You can see the pander table outputs here.

A (mostly complete) list of statistical analyses that pander can render as tables is found by loading the pander library and invoking methods(pander). Current offerings include:

##  [1] pander.anova*           pander.aov*            
##  [3] pander.aovlist*         pander.Arima*          
##  [5] pander.call*            pander.cast_df*        
##  [7] pander.character*       pander.clogit*         
##  [9] pander.coxph*           pander.cph*            
## [11] pander.CrossTable*      pander.data.frame*     
## [13] pander.data.table*      pander.Date*           
## [15] pander.default*         pander.density*        
## [17] pander.describe*        pander.ets*            
## [19] pander.evals*           pander.factor*         
## [21] pander.formula*         pander.ftable*         
## [23] pander.function*        pander.glm*            
## [25] pander.Glm*             pander.gtable*         
## [27] pander.htest*           pander.image*          
## [29] pander.irts*            pander.list*           
## [31] pander.lm*              pander.lme*            
## [33] pander.logical*         pander.lrm*            
## [35] pander.manova*          pander.matrix*         
## [37] pander.microbenchmark*  pander.name*           
## [39] pander.nls*             pander.NULL*           
## [41] pander.numeric*         pander.ols*            
## [43] pander.orm*             pander.polr*           
## [45] pander.POSIXct*         pander.POSIXlt*        
## [47] pander.prcomp*          pander.randomForest*   
## [49] pander.rapport*         pander.rlm*            
## [51] pander.sessionInfo*     pander.smooth.spline*  
## [53] pander.stat.table*      pander.summary.aov*    
## [55] pander.summary.aovlist* pander.summary.glm*    
## [57] pander.summary.lm*      pander.summary.lme*    
## [59] pander.summary.manova*  pander.summary.nls*    
## [61] pander.summary.polr*    pander.summary.prcomp* 
## [63] pander.summary.rms*     pander.summary.survreg*
## [65] pander.summary.table*   pander.survdiff*       
## [67] pander.survfit*         pander.survreg*        
## [69] pander.table*           pander.tabular*        
## [71] pander.ts*              pander.zoo*            
## see '?methods' for accessing help and source code

pander covers the bulk of traditional statistical analyses, but quoting directly from the pander: An R Pandoc Writer site:

“If you think that pander lacks support for any other R class(es), please feel free to open a ticket suggesting a new feature or submit pull request and we will be happy to extend the package.”

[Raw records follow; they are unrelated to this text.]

(* Let $x,y,z$ be local coordinates on a 3-manifold and let $E,K,P$ be functions of $x$ only, $F,L,Q$ functions of $y$ only, $G,M,R$ functions of $z$ only, with $\Delta:=ELR+FMP+GKQ-EMQ-FKR-GLP\neq 0$ and $LR-MQ$, $MP-KR$, $KQ-LP$ nonzero. Consider the Stäckel metric $$g=\frac{\Delta}{LR-MQ}dx^2+\frac{\Delta}{MP-KR}dy^2+\frac{\Delta}{KQ-LP}dz^2$$ and the quadratic forms $$I_2=\frac{\Delta(GQ-FR)}{(LR-MQ)^2}dx^2+\frac{\Delta(ER-GP)}{(MP-KR)^2}dy^2+\frac{\Delta(FP-EQ)}{(KQ-LP)^2}dz^2,$$ $$I_3=\frac{\Delta(FM-GL)}{(LR-MQ)^2}dx^2+\frac{\Delta(GK-EM)}{(MP-KR)^2}dy^2+\frac{\Delta(EL-FK)}{(KQ-LP)^2}dz^2,$$ which are (classically known) first integrals, quadratic in velocities, of the geodesic flow of $g$. Fix constants $\lambda,\mu\in\mathbb{R}$ such that on an open set $U$ the equations $I_2-\lambda g=0$, $I_3-\mu g=0$ define at each point $m\in U$ four distinct real points of $PT_mM$, giving four direction fields $\tau_1,\dots,\tau_4$. Then: the integral curves of each $\tau_i$ are geodesics of $g$; at each point there are three mutually orthogonal planes $\pi_1,\pi_2,\pi_3\subset T_mM$ (namely the tangent planes to the coordinate surfaces $x=\mathrm{const}$, $y=\mathrm{const}$, $z=\mathrm{const}$) such that, for any fixed $k$, the reflections in $\pi_1,\pi_2,\pi_3$ map $\tau_k$ onto the other three directions; and the distributions $\pi_1,\pi_2,\pi_3$ are integrable.
   Context: Quadratic forms such as $dx^2$ are evaluated on tangent vectors (velocities). A direction field is a smooth field of lines in $TM$. *)

theory Defs
  imports "HOL-Analysis.Analysis"
begin

text \<open>Points of the coordinate chart are p :: real^3 with coordinates
  x = p$1, y = p$2, z = p$3; tangent vectors are v :: real^3 in the
  coordinate frame (d/dx, d/dy, d/dz).\<close>

definition smooth_on :: "real set \<Rightarrow> (real \<Rightarrow> real) \<Rightarrow> bool" where
  "smooth_on S f \<longleftrightarrow> (\<forall>n. \<forall>x\<in>S. ((deriv ^^ n) f) differentiable (at x))"

definition Delta ::
  "(real\<Rightarrow>real) \<Rightarrow> (real\<Rightarrow>real) \<Rightarrow> (real\<Rightarrow>real) \<Rightarrow> (real\<Rightarrow>real) \<Rightarrow> (real\<Rightarrow>real) \<Rightarrow>
   (real\<Rightarrow>real) \<Rightarrow> (real\<Rightarrow>real) \<Rightarrow> (real\<Rightarrow>real) \<Rightarrow> (real\<Rightarrow>real) \<Rightarrow> real^3 \<Rightarrow> real" where
  "Delta E F G K L M P Q R p =
     (let x = p$1; y = p$2; z = p$3 in
       E x * L y * R z + F y * M z * P x + G z * K x * Q y
     - E x * M z * Q y - F y * K x * R z - G z * L y * P x)"

definition g_coeff ::
  "(real\<Rightarrow>real) \<Rightarrow> (real\<Rightarrow>real) \<Rightarrow> (real\<Rightarrow>real) \<Rightarrow> (real\<Rightarrow>real) \<Rightarrow> (real\<Rightarrow>real) \<Rightarrow>
   (real\<Rightarrow>real) \<Rightarrow> (real\<Rightarrow>real) \<Rightarrow> (real\<Rightarrow>real) \<Rightarrow> (real\<Rightarrow>real) \<Rightarrow> real^3 \<Rightarrow> real^3" where
  "g_coeff E F G K L M P Q R p =
     (let x = p$1; y = p$2; z = p$3; D = Delta E F G K L M P Q R p in
       vector [D / (L y * R z - M z * Q y),
               D / (M z * P x - K x * R z),
               D / (K x * Q y - L y * P x)])"

definition I2_coeff ::
  "(real\<Rightarrow>real) \<Rightarrow> (real\<Rightarrow>real) \<Rightarrow> (real\<Rightarrow>real) \<Rightarrow> (real\<Rightarrow>real) \<Rightarrow> (real\<Rightarrow>real) \<Rightarrow>
   (real\<Rightarrow>real) \<Rightarrow> (real\<Rightarrow>real) \<Rightarrow> (real\<Rightarrow>real) \<Rightarrow> (real\<Rightarrow>real) \<Rightarrow> real^3 \<Rightarrow> real^3" where
  "I2_coeff E F G K L M P Q R p =
     (let x = p$1; y = p$2; z = p$3; D = Delta E F G K L M P Q R p in
       vector [D * (G z * Q y - F y * R z) / (L y * R z - M z * Q y)^2,
               D * (E x * R z - G z * P x) / (M z * P x - K x * R z)^2,
               D * (F y * P x - E x * Q y) / (K x * Q y - L y * P x)^2])"

definition I3_coeff ::
  "(real\<Rightarrow>real) \<Rightarrow> (real\<Rightarrow>real) \<Rightarrow> (real\<Rightarrow>real) \<Rightarrow> (real\<Rightarrow>real) \<Rightarrow> (real\<Rightarrow>real) \<Rightarrow>
   (real\<Rightarrow>real) \<Rightarrow> (real\<Rightarrow>real) \<Rightarrow> (real\<Rightarrow>real) \<Rightarrow> (real\<Rightarrow>real) \<Rightarrow> real^3 \<Rightarrow> real^3" where
  "I3_coeff E F G K L M P Q R p =
     (let x = p$1; y = p$2; z = p$3; D = Delta E F G K L M P Q R p in
       vector [D * (F y * M z - G z * L y) / (L y * R z - M z * Q y)^2,
               D * (G z * K x - E x * M z) / (M z * P x - K x * R z)^2,
               D * (E x * L y - F y * K x) / (K x * Q y - L y * P x)^2])"

definition diag_quad :: "real^3 \<Rightarrow> real^3 \<Rightarrow> real" where
  "diag_quad a v = (\<Sum>i\<in>UNIV. a$i * (v$i)^2)"

definition diag_mat :: "real^3 \<Rightarrow> real^3^3" where
  "diag_mat a = (\<chi> i j. if i = j then a$i else 0)"

definition bilin :: "(real^3 \<Rightarrow> real^3^3) \<Rightarrow> real^3 \<Rightarrow> real^3 \<Rightarrow> real^3 \<Rightarrow> real" where
  "bilin Gm p u v = (\<Sum>i\<in>UNIV. \<Sum>j\<in>UNIV. Gm p $ i $ j * u$i * v$j)"

definition partial :: "3 \<Rightarrow> (real^3 \<Rightarrow> real) \<Rightarrow> real^3 \<Rightarrow> real" where
  "partial i f p = deriv (\<lambda>t. f (p + t *\<^sub>R axis i 1)) 0"

definition christoffel :: "(real^3 \<Rightarrow> real^3^3) \<Rightarrow> 3 \<Rightarrow> 3 \<Rightarrow> 3 \<Rightarrow> real^3 \<Rightarrow> real" where
  "christoffel Gm k i j p = (1/2) * (\<Sum>l\<in>UNIV. matrix_inv (Gm p) $ k $ l *
      (partial i (\<lambda>q. Gm q $ j $ l) p + partial j (\<lambda>q. Gm q $ i $ l) p
       - partial l (\<lambda>q. Gm q $ i $ j) p))"

text \<open>A twice differentiable curve c (velocity c', acceleration c'') on an interval I is an
  unparametrized geodesic (pregeodesic): its covariant acceleration is everywhere proportional
  to its velocity, i.e. its trace is the trace of a geodesic.\<close>
definition pregeodesic :: "(real^3 \<Rightarrow> real^3^3) \<Rightarrow> real set \<Rightarrow> (real \<Rightarrow> real^3) \<Rightarrow>
    (real \<Rightarrow> real^3) \<Rightarrow> (real \<Rightarrow> real^3) \<Rightarrow> bool" where
  "pregeodesic Gm I c c' c'' \<longleftrightarrow>
     (\<forall>t\<in>I. \<exists>a::real. \<forall>k.
        c'' t $ k + (\<Sum>i\<in>UNIV. \<Sum>j\<in>UNIV. christoffel Gm k i j (c t) * c' t $ i * c' t $ j)
          = a * c' t $ k)"

definition g_perp :: "(real^3 \<Rightarrow> real^3^3) \<Rightarrow> real^3 \<Rightarrow> (real^3) set \<Rightarrow> (real^3) set" where
  "g_perp Gm p S = {n. \<forall>u\<in>S. bilin Gm p u n = 0}"

definition g_reflect :: "(real^3 \<Rightarrow> real^3^3) \<Rightarrow> real^3 \<Rightarrow> (real^3) set \<Rightarrow> real^3 \<Rightarrow> real^3" where
  "g_reflect Gm p \<pi> v =
     (let n = (SOME n. n \<in> g_perp Gm p \<pi> \<and> n \<noteq> 0) in
        v - (2 * bilin Gm p v n / bilin Gm p n n) *\<^sub>R n)"

text \<open>The tangent plane at any point to the coordinate surface {x_i = const}.\<close>
definition coord_plane :: "3 \<Rightarrow> (real^3) set" where
  "coord_plane i = {v. v $ i = 0}"

text \<open>A (codimension one) distribution D on the open set U is integrable: locally it is the
  kernel of the differential of a C^1 function with nonvanishing differential, i.e. it is
  tangent to the level surfaces of that function (Frobenius).\<close>
definition integrable_distribution :: "(real^3) set \<Rightarrow> (real^3 \<Rightarrow> (real^3) set) \<Rightarrow> bool" where
  "integrable_distribution U D \<longleftrightarrow>
     (\<forall>m\<in>U. \<exists>V f grad. open V \<and> m \<in> V \<and> V \<subseteq> U \<and> continuous_on V grad \<and>
        (\<forall>q\<in>V. (f has_derivative (\<lambda>v. grad q \<bullet> v)) (at q) \<and> grad q \<noteq> 0 \<and>
                D q = {v. grad q \<bullet> v = 0}))"

end

theory Submission
  imports Defs
begin

unbundle cross3_syntax

text \<open>
  Write e = (E,F,G), a = (K,L,M), b = (P,Q,R) for the columns of the Staeckel matrix and
  C = a \<times> b. The metric has coefficients g_i = \<Delta>/C_i, and I_2, I_3 have coefficients r_i g_i and
  s_i g_i with r = (b \<times> e)/C and s = (e \<times> a)/C componentwise. Both satisfy the Killing identity
  \<partial>_k r_i g_i = (r_i - r_k) \<partial>_k g_i, so along any curve x the derivative of
  \<Sum>_i (r_i - \<lambda>) g_i x'_i^2 is 2 \<Sum>_i (r_i - \<lambda>) g_i x'_i z_i, where z is the covariant acceleration.
  If x' stays in the common null cone of I_2 - \<lambda> g and I_3 - \<mu> g, then z is orthogonal to the same
  two vectors ((r_i - \<lambda>) g_i x'_i) and ((s_i - \<mu>) g_i x'_i) as x'. When the cone consists of exactly
  four lines these two vectors are independent, hence z is parallel to x' and x is a pregeodesic.
  The cone is invariant under changing the sign of one coordinate, i.e. under the g-reflections in
  the coordinate planes, and squaring coordinates shows that four lines can only be the sign
  changes of one of them.
\<close>

section \<open>Null cones of two diagonal quadratic forms\<close>

definition diag_null_cone :: "real^3 \<Rightarrow> real^3 \<Rightarrow> (real^3) set" where
  "diag_null_cone \<alpha> \<beta> = {v. v \<noteq> 0 \<and> diag_quad \<alpha> v = 0 \<and> diag_quad \<beta> v = 0}"

definition flip_coord :: "3 \<Rightarrow> real^3 \<Rightarrow> real^3" where
  "flip_coord i v = (\<chi> j. if j = i then - v$j else v$j)"

lemma diag_quad_eq_inner: "diag_quad \<alpha> v = \<alpha> \<bullet> (v * v)"
  by (simp add: diag_quad_def inner_vec_def power2_eq_square)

In short, the site is open to suggestions for additional forms of statistical analysis to be rendered with pander. In addition, you could create your own function if desired by emulating one of the other functions - that’s where some of the true power of R comes into play!


EXAMPLE #4: Constructing figures in a RMarkdown document


Embedding a R-generated figure or plot still uses chunk code, but with different options for configuration. Beginning simple, consider a barplot of the frequencies of the three groups of fish captured by male and female ospreys and represented in our previous data object f1. Note there are no chunk options; just the R code for a barplot is embedded in the chunk. Default figure placement is left justification.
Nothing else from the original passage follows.